Efficient Compilation of Algorithms into Compact Linear Programs

Linear Programming (LP) is widely applied in industry and is a key component of various other mathematical problem-solving techniques. Recent work introduced an LP compiler translating polynomial-time, polynomial-space algorithms into polynomial-size LPs using intuitive high-level programming languages, offering a promising alternative to manually specifying each set of constraints through Algebraic Modeling Languages (AMLs). However, the resulting LPs, while polynomial in size, are often extremely large, posing challenges for existing LP solvers. In this paper, we propose a novel approach for generating substantially smaller LPs from algorithms. Our goal is to establish minimum-size compact LP formulations for problems in P having natural formulations with exponential extension complexities.
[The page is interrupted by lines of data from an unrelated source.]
(* If $L$ is a lattice, then there is a natural bijection between marked reflection structures on $L$ and root systems in $L$.
   Context: A lattice is a free abelian group of finite rank. A reflection on $L$ is an automorphism conjugate in $\mathrm{Aut}(\mathbb{Q}\otimes L)\cong GL(r,\mathbb{Q})$ to $\mathrm{diag}(-1,1,\dots,1)$. A strict marking for a reflection $\sigma$ is a pair $(b,\beta)$ with $b\in L$ and $\beta:L\to\mathbb{Z}$ a homomorphism such that $\sigma(x)=x+\beta(x)b$ for all $x\in L$; a marking is an equivalence class $\pm(b,\beta)$ of strict markings up to sign. For $w\in\mathrm{Aut}(L)$, $w\cdot(b,\beta)=(w(b),\beta\circ w^{-1})$, a marking for $w\sigma w^{-1}$. A marked reflection structure on $L$ is a finite subgroup $W\subset\mathrm{Aut}(L)$ generated by the reflections it contains, together with a marking $\pm(b_\sigma,\beta_\sigma)$ for each reflection $\sigma\in W$ such that $w\cdot(b_\sigma,\beta_\sigma)=\pm(b_{w\sigma w^{-1}},\beta_{w\sigma w^{-1}})$ for all $w\in W$. A root system in $L$ is a finite subset $R\subset L$ together with, for each $r\in R$, a homomorphism $n_r:L\to\mathbb{Z}$, such that: (R1) $R$ and $\bigcap_r\ker(n_r)$ together span $\mathbb{Q}\otimes L$; (R2) $n_r(r)=-2$; (R3) if $r\in R$, $k\in\mathbb{Z}$ and $kr\in R$ then $k=\pm1$; (R4) if $r,t\in R$ then $t+n_r(t)r\in R$. *)

theory Defs
  imports "HOL-Analysis.Analysis"
begin

text \<open>The lattice L is modelled as int^'n (rank CARD('n)); Q (x) L as rat^'n.\<close>

type_synonym 'n lat = "int ^ 'n"
type_synonym 'n dual = "int ^ 'n \<Rightarrow> int"

definition hom_Z :: "('n::finite) dual \<Rightarrow> bool" where
  "hom_Z \<beta> \<longleftrightarrow> (\<forall>x y. \<beta> (x + y) = \<beta> x + \<beta> y)"

definition Aut :: "(('n::finite) lat \<Rightarrow> 'n lat) set" where
  "Aut = {\<sigma>. bij \<sigma> \<and> (\<forall>x y. \<sigma> (x + y) = \<sigma> x + \<sigma> y)}"

definition toQ :: "('n::finite) lat \<Rightarrow> rat ^ 'n" where
  "toQ x = (\<chi> i. of_int (x $ i))"

definition qmat :: "(('n::finite) lat \<Rightarrow> 'n lat) \<Rightarrow> rat ^ 'n ^ 'n" where
  "qmat \<sigma> = (\<chi> i j. of_int ((\<sigma> (axis j 1)) $ i))"

definition diag_refl :: "'n::finite \<Rightarrow> rat ^ 'n ^ 'n" where
  "diag_refl k = (\<chi> i j. if i = j then (if i = k then -1 else 1) else 0)"

definition reflection :: "(('n::finite) lat \<Rightarrow> 'n lat) \<Rightarrow> bool" where
  "reflection \<sigma> \<longleftrightarrow> \<sigma> \<in> Aut \<and>
     (\<exists>(P :: rat ^ 'n ^ 'n) (Q :: rat ^ 'n ^ 'n) k. P ** Q = mat 1 \<and> Q ** P = mat 1 \<and> P ** qmat \<sigma> ** Q = diag_refl k)"

definition strict_marking :: "(('n::finite) lat \<Rightarrow> 'n lat) \<Rightarrow> 'n lat \<Rightarrow> 'n dual \<Rightarrow> bool" where
  "strict_marking \<sigma> b \<beta> \<longleftrightarrow> hom_Z \<beta> \<and> (\<forall>x. \<sigma> x = x + \<beta> x *s b)"

definition pm :: "('n::finite) lat \<Rightarrow> 'n dual \<Rightarrow> ('n lat \<times> 'n dual) set" where
  "pm b \<beta> = {(b, \<beta>), (- b, \<lambda>x. - \<beta> x)}"

definition is_marking :: "(('n::finite) lat \<Rightarrow> 'n lat) \<Rightarrow> ('n lat \<times> 'n dual) set \<Rightarrow> bool" where
  "is_marking \<sigma> M \<longleftrightarrow> (\<exists>b \<beta>. strict_marking \<sigma> b \<beta> \<and> M = pm b \<beta>)"

definition act_marking :: "(('n::finite) lat \<Rightarrow> 'n lat) \<Rightarrow> ('n lat \<times> 'n dual) set \<Rightarrow> ('n lat \<times> 'n dual) set" where
  "act_marking w M = (\<lambda>(b, \<beta>). (w b, \<beta> \<circ> inv w)) ` M"

definition gen_group :: "(('n::finite) lat \<Rightarrow> 'n lat) set \<Rightarrow> ('n lat \<Rightarrow> 'n lat) set" where
  "gen_group S = \<Inter> {H. id \<in> H \<and> S \<subseteq> H \<and> (\<forall>f\<in>H. \<forall>g\<in>H. f \<circ> g \<in> H) \<and> (\<forall>f\<in>H. inv f \<in> H)}"

definition is_subgroup_Aut :: "(('n::finite) lat \<Rightarrow> 'n lat) set \<Rightarrow> bool" where
  "is_subgroup_Aut W \<longleftrightarrow> W \<subseteq> Aut \<and> id \<in> W \<and> (\<forall>f\<in>W. \<forall>g\<in>W. f \<circ> g \<in> W) \<and> (\<forall>f\<in>W. inv f \<in> W)"
(* For all $\alpha\in(0,\pi/2)$ and $\beta\in[0,\alpha]$, we have $r_0(\alpha,\beta)\le 1$. Moreover, $r_0(\alpha,\beta)\le 0$ if and only if $\alpha\le\pi/4$ and $\beta\le t(\alpha)$.
   Context: For $\alpha\in(0,\pi/2)$ and $\beta\in[0,\alpha]$, let $A=\frac{2\tan\beta}{\tan\alpha+\tan\beta}$, $B=2\cos(2\alpha)$, and $r_0(\alpha,\beta)=\frac{2A-B}{2-AB}$. Let $t(\alpha)=\arctan\!\left(\frac{\sin(3\alpha)-\sin\alpha}{3\cos\alpha-\cos(3\alpha)}\right)$. *)

theory Defs
  imports Complex_Main
begin

definition A_fn :: "real \<Rightarrow> real \<Rightarrow> real" where
  "A_fn \<alpha> \<beta> = 2 * tan \<beta> / (tan \<alpha> + tan \<beta>)"

definition B_fn :: "real \<Rightarrow> real" where
  "B_fn \<alpha> = 2 * cos (2 * \<alpha>)"

definition r0 :: "real \<Rightarrow> real \<Rightarrow> real" where
  "r0 \<alpha> \<beta> = (2 * A_fn \<alpha> \<beta> - B_fn \<alpha>) / (2 - A_fn \<alpha> \<beta> * B_fn \<alpha>)"

definition t_fn :: "real \<Rightarrow> real" where
  "t_fn \<alpha> = arctan ((sin (3 * \<alpha>) - sin \<alpha>) / (3 * cos \<alpha> - cos (3 * \<alpha>)))"

end

theory Submission
  imports Defs
begin

text \<open>With \<open>a = tan \<alpha>\<close>, \<open>b = tan \<beta>\<close> and \<open>k = cos (2\<alpha>)\<close> we have \<open>A = 2b/(a+b) \<in> [0,1]\<close> and
  \<open>B = 2k \<in> (-2,2)\<close>, and \<open>r\<^sub>0 = (2A - B)/(2 - AB)\<close> has positive denominator, so \<open>r\<^sub>0 \<le> 1\<close> amounts
  to \<open>(A - 1)(2 + B) \<le> 0\<close>. Likewise \<open>r\<^sub>0 \<le> 0\<close> amounts to \<open>A \<le> k\<close>, i.e. \<open>b \<le> a k/(2 - k)\<close>, and the
  right-hand side is exactly \<open>tan (t \<alpha>)\<close>. It is negative for \<open>\<alpha> > \<pi>/4\<close>, which rules out
  \<open>r\<^sub>0 \<le> 0\<close> there since \<open>b \<ge> 0\<close>.\<close>

lemma moebius_denominator_pos:
  fixes x y :: real
  assumes "0 \<le> x" "x \<le> 1" "\<bar>y\<bar> < 2"
  shows "0 < 2 - x * y"
proof -
  have "x * y \<le> \<bar>x * y\<bar>" by simp
  also have "\<dots> \<le> \<bar>y\<bar>" using assms by (simp add: abs_mult mult_left_le_one_le)
  finally show ?thesis using assms(3) by linarith
qed

lemma moebius_le_one:
  fixes x y :: real
  assumes "0 \<le> x" "x \<le> 1" "\<bar>y\<bar> < 2"
  shows "(2 * x - y) / (2 - x * y) \<le> 1"
proof -
  have "(x - 1) * (2 + y) \<le> 0" using assms by (intro mult_nonpos_nonneg) auto
  then have "2 * x - y \<le> 2 - x * y" by (simp add: algebra_simps)
  then show ?thesis using moebius_denominator_pos[OF assms] by simp
qed

lemma moebius_nonpos_iff:
  fixes x y :: real
  assumes "0 \<le> x" "x \<le> 1" "\<bar>y\<bar> < 2"
  shows "(2 * x - y) / (2 - x * y) \<le> 0 \<longleftrightarrow> 2 * x \<le> y"
  using moebius_denominator_pos[OF assms] by (simp add: divide_le_0_iff)

lemma ratio_bounds:
  fixes a b :: real
  assumes "0 < a" "0 \<le> b" "b \<le> a"
  shows "0 \<le> 2 * b / (a + b) \<and> 2 * b / (a + b) \<le> 1"
  using assms by (simp add: field_simps)

lemma ratio_le_iff:
  fixes a b k :: real
  assumes "0 < a + b" "k < 2"
  shows "2 * b / (a + b) \<le> k \<longleftrightarrow> b \<le> a * k / (2 - k)"
  using assms by (simp add: field_simps)

lemma A_fn_bounds:
  assumes "0 < \<alpha>" "\<alpha> < pi / 2" "0 \<le> \<beta>" "\<beta> \<le> \<alpha>"
  shows "0 \<le> A_fn \<alpha> \<beta> \<and> A_fn \<alpha> \<beta> \<le> 1"
  unfolding A_fn_def
  using assms by (intro ratio_bounds tan_gt_zero tan_pos_pi2_le tan_mono_le) auto

lemma abs_B_fn_less_2:
  assumes "0 < \<alpha>" "\<alpha> < pi / 2"
  shows "\<bar>B_fn \<alpha>\<bar> < 2"
proof -
  have "cos pi < cos (2 * \<alpha>)" "cos (2 * \<alpha>) < cos 0"
    using assms by (intro cos_monotone_0_pi; simp)+
  then show ?thesis unfolding B_fn_def by simp
qed

lemma t_fn_eq_arctan:
  assumes "0 < cos \<alpha>"
  shows "t_fn \<alpha> = arctan (tan \<alpha> * cos (2 * \<alpha>) / (2 - cos (2 * \<alpha>)))"
proof -
  have num: "sin (3 * \<alpha>) - sin \<alpha> = 2 * sin \<alpha> * cos (2 * \<alpha>)"
    by (simp add: sin_diff_sin)
  have den: "3 * cos \<alpha> - cos (3 * \<alpha>) = 2 * cos \<alpha> * (2 - cos (2 * \<alpha>))"
    unfolding cos_treble_cos cos_double_cos by (simp add: power3_eq_cube power2_eq_square algebra_simps)
  show ?thesis
    unfolding t_fn_def num den tan_def using assms by simp
qed

lemma t_fn_nonneg_imp_le_pi_div_4:
  assumes "0 < \<alpha>" "\<alpha> < pi / 2" "0 \<le> t_fn \<alpha>"
  shows "\<alpha> \<le> pi / 4"
proof -
  have "0 < tan \<alpha>" using assms by (simp add: tan_gt_zero)
  moreover have "0 < 2 - cos (2 * \<alpha>)" using cos_le_one[of "2 * \<alpha>"] by linarith
  moreover have "0 \<le> tan \<alpha> * cos (2 * \<alpha>) / (2 - cos (2 * \<alpha>))"
    using assms t_fn_eq_arctan[OF cos_gt_zero[OF assms(1,2)]] by simp
  ultimately have "cos (pi / 2) \<le> cos (2 * \<alpha>)"
    by (simp add: zero_le_divide_iff zero_le_mult_iff)
  then show ?thesis using assms by (subst (asm) cos_mono_le_eq) auto
qed

theorem lemma6:
  fixes \<alpha> \<beta> :: real
  assumes "0 < \<alpha>" and "\<alpha> < pi / 2" and "0 \<le> \<beta>" and "\<beta> \<le> \<alpha>"
  shows "r0 \<alpha> \<beta> \<le> 1 \<and> (r0 \<alpha> \<beta> \<le> 0 \<longleftrightarrow> \<alpha> \<le> pi / 4 \<and> \<beta> \<le> t_fn \<alpha>)"
proof -
  have A: "0 \<le> A_fn \<alpha> \<beta>" "A_fn \<alpha> \<beta> \<le> 1" using A_fn_bounds assms by auto
  have B: "\<bar>B_fn \<alpha>\<bar> < 2" using abs_B_fn_less_2 assms by auto
  have tan_sum_pos: "0 < tan \<alpha> + tan \<beta>"
    using assms by (intro add_pos_nonneg tan_gt_zero tan_pos_pi2_le) auto
  have cos_less_2: "cos (2 * \<alpha>) < 2" using cos_le_one[of "2 * \<alpha>"] by linarith
  have "r0 \<alpha> \<beta> \<le> 0 \<longleftrightarrow> A_fn \<alpha> \<beta> \<le> cos (2 * \<alpha>)"
    unfolding r0_def moebius_nonpos_iff[OF A B] by (simp add: B_fn_def)
  also have "\<dots> \<longleftrightarrow> tan \<beta> \<le> tan \<alpha> * cos (2 * \<alpha>) / (2 - cos (2 * \<alpha>))"
    unfolding A_fn_def using ratio_le_iff[OF tan_sum_pos cos_less_2] by simp
  also have "\<dots> \<longleftrightarrow> \<beta> \<le> t_fn \<alpha>"
  proof -
    have "\<beta> = arctan (tan \<beta>)" using assms by (simp add: arctan_tan)
    then show ?thesis
      using t_fn_eq_arctan[OF cos_gt_zero[OF assms(1,2)]] by (metis arctan_le_iff)
  qed
  finally have "r0 \<alpha> \<beta> \<le> 0 \<longleftrightarrow> \<beta> \<le> t_fn \<alpha>" .
  then show ?thesis
    using moebius_le_one[OF A B] t_fn_nonneg_imp_le_pi_div_4 assms
    unfolding r0_def by auto
qed

end
lemma join_disjoint_paths:
  assumes P: "disjoint_paths V E A T P" and Q: "disjoint_paths V E T' B Q"
    and "last ` P \<subseteq> hd ` Q"
    and meet: "\<And>p q z. p \<in> P \<Longrightarrow> q \<in> Q \<Longrightarrow> z \<in> set p \<Longrightarrow> z \<in> set q \<Longrightarrow> z = last p \<and> z = hd q"
  shows "\<exists>R. disjoint_paths V E A B R \<and> card R = card P"
proof -
  have "\<forall>p\<in>P. \<exists>q\<in>Q. hd q = last p"
    using assms(3) by fastforce
  then obtain g where g: "\<And>p. p \<in> P \<Longrightarrow> g p \<in> Q \<and> hd (g p) = last p"
    by metis
  define join where "join p = p @ tl (g p)" for p
  have ne: "p \<noteq> []" "g p \<noteq> []" if "p \<in> P" for p
    using P Q g[OF that] that by (auto simp: disjoint_paths_def dpath_def)
  have join_path: "dpath V E (join p) \<and> hd (join p) \<in> A \<and> last (join p) \<in> B" if "p \<in> P" for p
  proof -
    have "set p \<inter> set (g p) \<subseteq> {hd (g p)}"
      using meet[OF that] g[OF that] by blast
    then have "dpath V E (join p)"
      unfolding join_def using P Q g[OF that] that
      by (intro dpath_join) (auto simp: disjoint_paths_def)
    moreover have "hd (join p) = hd p" "last (join p) = last (g p)"
      unfolding join_def using ne[OF that] g[OF that] by (auto simp: last_append_tl)
    ultimately show ?thesis
      using P Q g[OF that] that by (auto simp: disjoint_paths_def)
  qed
  have cross: "set p \<inter> set (g p') = {}" if "p \<in> P" "p' \<in> P" "p \<noteq> p'" for p p'
  proof -
    have "z \<in> set p'" if "z \<in> set p" "z \<in> set (g p')" for z
      using meet[OF \<open>p \<in> P\<close> _ that] g[OF \<open>p' \<in> P\<close>] ne[OF \<open>p' \<in> P\<close>] last_in_set
      by fastforce
    then show ?thesis
      using P that unfolding disjoint_paths_def by blast
  qed
  have join_disjoint: "set (join p) \<inter> set (join p') = {}" if "p \<in> P" "p' \<in> P" "p \<noteq> p'" for p p'
  proof -
    have "set p \<inter> set p' = {}"
      using P that by (auto simp: disjoint_paths_def)
    moreover have "last p \<in> set p" "last p' \<in> set p'"
      using ne that by auto
    ultimately have "last p \<noteq> last p'"
      by auto
    then have "g p \<noteq> g p'"
      using g[OF that(1)] g[OF that(2)] by auto
    then have "set (g p) \<inter> set (g p') = {}"
      using Q g[OF that(1)] g[OF that(2)] by (simp add: disjoint_paths_def)
    moreover have "set (join p) \<subseteq> set p \<union> set (g p)" "set (join p') \<subseteq> set p' \<union> set (g p')"
      unfolding join_def using set_tl_subset by fastforce+
    ultimately show ?thesis
      using \<open>set p \<inter> set p' = {}\<close> cross[OF that] cross[OF that(2,1)] by blast
  qed
  have "inj_on join P"
  proof (rule inj_onI)
    fix p p'
    assume "p \<in> P" "p' \<in> P" "join p = join p'"
    moreover have "join p \<noteq> []"
      using join_path[OF \<open>p \<in> P\<close>] by (simp add: dpath_def)
    ultimately show "p = p'"
      using join_disjoint by fastforce
  qed
  then have "card (join ` P) = card P"
    by (rule card_image)
  moreover have "disjoint_paths V E A B (join ` P)"
    using join_path join_disjoint unfolding disjoint_paths_def by blast
  ultimately show ?thesis
    by blast
qed

lemma disjoint_paths_prepend:
  assumes "disjoint_paths V E T B Q" "q \<in> Q" "x \<in> V" "(x, hd q) \<in> E" "\<forall>q\<in>Q. x \<notin> set q"
  shows "disjoint_paths V E (insert x T) B (insert (x # q) (Q - {q}))"
proof -
  have "dpath V E q" "last q \<in> B"
    using assms(1,2) by (auto simp: disjoint_paths_def)
  moreover have "q \<noteq> []"
    using \<open>dpath V E q\<close> by (simp add: dpath_def)
  ultimately have "dpath V E (x # q)" "last (x # q) \<in> B"
    using assms(2-5) by (auto simp: dpath_Cons)
  then show ?thesis
    unfolding disjoint_paths_def
  proof (intro conjI)
    show "\<forall>p\<in>insert (x # q) (Q - {q}). dpath V E p \<and> hd p \<in> insert x T \<and> last p \<in> B"
      using assms(1) \<open>dpath V E (x # q)\<close> \<open>last (x # q) \<in> B\<close> unfolding disjoint_paths_def by simp
    have "set (x # q) \<inter> set p = {}" if "p \<in> Q - {q}" for p
    proof -
      have "set q \<inter> set p = {}" "x \<notin> set p"
        using assms(1,2,5) that unfolding disjoint_paths_def by blast+
      then show ?thesis
        by simp
    qed
    then show "\<forall>p\<in>insert (x # q) (Q - {q}). \<forall>p'\<in>insert (x # q) (Q - {q}).
        p \<noteq> p' \<longrightarrow> set p \<inter> set p' = {}"
      using assms(1) unfolding disjoint_paths_def by blast
  qed
qed

lemma disjoint_paths_choice_image:
  assumes "disjoint_paths V E A B P" "\<And>p. p \<in> P \<Longrightarrow> f p \<in> set p \<inter> C"
    and "finite C" "card C \<le> card P"
  shows "f ` P = C"
proof (rule card_subset_eq)
  have "inj_on f P"
    using assms(2) by (intro disjoint_paths_inj_on[OF assms(1)]) blast
  then show "card (f ` P) = card C"
    using assms(2-4) card_image card_mono[of C "f ` P"] by fastforce
qed (use assms(2,3) in blast)+

(* The path ending at x is carried across the deleted edge by x # qy; every other path ending
   in S is joined to the path starting at the same vertex. *)
lemma disjoint_paths_glue_at_edge:
  assumes "(x, y) \<in> E"
    and S: "separates (E - {(x, y)}) S A B" "finite S" "x \<notin> S" "y \<notin> S"
    and P: "disjoint_paths V (E - {(x, y)}) A (insert x S) P" "card P = Suc (card S)"
      "\<forall>p\<in>P. set (butlast p) \<inter> insert x S = {}"
    and Q: "disjoint_paths V (E - {(x, y)}) (insert y S) B Q" "card Q = Suc (card S)"
      "\<forall>q\<in>Q. set (tl q) \<inter> insert y S = {}"
  shows "\<exists>R. disjoint_paths V E A B R \<and> card R = Suc (card S)"
proof -
  have meet: "z \<in> S \<and> z = last p \<and> z = hd q" if "p \<in> P" "q \<in> Q" "z \<in> set p" "z \<in> set q" for p q z
  proof (rule paths_meet_in_separator[OF S(1)])
    show "dpath V (E - {(x, y)}) p" "hd p \<in> A" "dpath V (E - {(x, y)}) q" "last q \<in> B"
      using P(1) Q(1) that(1,2) by (auto simp: disjoint_paths_def)
    show "set (butlast p) \<inter> S = {}" "set (tl q) \<inter> S = {}"
      using P(3) Q(3) that(1,2) by auto
  qed (use that in auto)
  have "last ` P = insert x S"
    using P(1,2) S(2,3) by (intro disjoint_paths_choice_image[OF P(1)])
      (auto simp: disjoint_paths_def dpath_def)
  then obtain px where px: "px \<in> P" "last px = x"
    by (metis imageE insertI1)
  have "hd ` Q = insert y S"
    using Q(1,2) S(2,4) by (intro disjoint_paths_choice_image[OF Q(1)])
      (auto simp: disjoint_paths_def dpath_def)
  then obtain qy where qy: "qy \<in> Q" "hd qy = y"
    by (metis imageE insertI1)
  have "x \<in> set px" "set px \<subseteq> V"
    using P(1) px by (auto simp: disjoint_paths_def dpath_def)
  then have x_notin_Q: "\<forall>q\<in>Q. x \<notin> set q" "x \<in> V"
    using meet[OF px(1)] S(3) by auto
  define Q' where "Q' = insert (x # qy) (Q - {qy})"
  have "disjoint_paths V E (insert x (insert y S)) B Q'"
    unfolding Q'_def
    using disjoint_paths_mono[OF Q(1)] qy assms(1) x_notin_Q
    by (intro disjoint_paths_prepend) auto
  moreover have "last ` P \<subseteq> hd ` Q'"
  proof -
    have "S \<subseteq> hd ` (Q - {qy})"
      using \<open>hd ` Q = insert y S\<close> qy(2) S(4) by auto
    then show ?thesis
      using \<open>last ` P = insert x S\<close> unfolding Q'_def by auto
  qed
  moreover have "z = last p \<and> z = hd q"
    if "p \<in> P" "q \<in> Q'" "z \<in> set p" "z \<in> set q" for p q z
  proof (cases "q = x # qy")
    case True
    show ?thesis
    proof (cases "z = x")
      case True
      then have "set p \<inter> set px \<noteq> {}"
        using \<open>x \<in> set px\<close> that(3) by auto
      then have "p = px"
        using P(1) px(1) that(1) unfolding disjoint_paths_def by blast
      then show ?thesis
        using True \<open>q = x # qy\<close> px(2) by simp
    next
      case False
      then show ?thesis
        using meet[OF that(1) qy(1) that(3)] \<open>q = x # qy\<close> that(4) qy(2) S(4) by auto
    qed
  next
    case False
    then show ?thesis
      using meet[OF that(1) _ that(3,4)] that(2) unfolding Q'_def by auto
  qed
  ultimately have "\<exists>R. disjoint_paths V E A B R \<and> card R = card P"
    by (intro join_disjoint_paths[OF disjoint_paths_mono[OF P(1)]]) auto
  then show ?thesis
    using P(2) by simp
qed

lemma menger_no_edges:
  assumes "A \<subseteq> V" "\<And>X. X \<subseteq> V \<Longrightarrow> separates {} X A B \<Longrightarrow> k \<le> card X"
  shows "\<exists>P. disjoint_paths V {} A B P \<and> card P = k"
proof -
  have "separates {} (A \<inter> B) A B"
    by (auto simp: separates_def reaches_avoiding_def)
  then have "k \<le> card (A \<inter> B)"
    using assms by blast
  then obtain C where C: "C \<subseteq> A \<inter> B" "card C = k"
    by (meson obtain_subset_with_card_n)
  have "disjoint_paths V {} A B ((\<lambda>a. [a]) ` C)"
    using C(1) assms(1) by (auto simp: disjoint_paths_def dpath_def)
  moreover have "card ((\<lambda>a. [a]) ` C) = k"
    using C(2) card_image[of "\<lambda>a. [a]" C] by (simp add: inj_on_def)
  ultimately show ?thesis
    by blast
qed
Our broader vision is to enable the systematic generation of Compact Integer Programming (CIP) formulations for problems with exponential-size IPs having polynomial-time separation oracles. To this end, we introduce a hierarchical linear pipelining technique that decomposes nested program structures into synchronized regions with well-defined execution transitions -- functions of compile-time parameters. This decomposition allows us to localize LP constraints and variables within each region, significantly reducing LP size without the loss of generality, ensuring the resulting LP remains valid for all inputs of size $n$. We demonstrate the effectiveness of our method on two benchmark problems -- the makespan problem, which has exponential extension complexity, and the weighted minimum spanning tree problem -- both of which have exponential-size natural LPs. Our results show up to a $25$-fold reduction in LP size and substantial improvements in solver performance across both commercial and non-commercial LP solvers.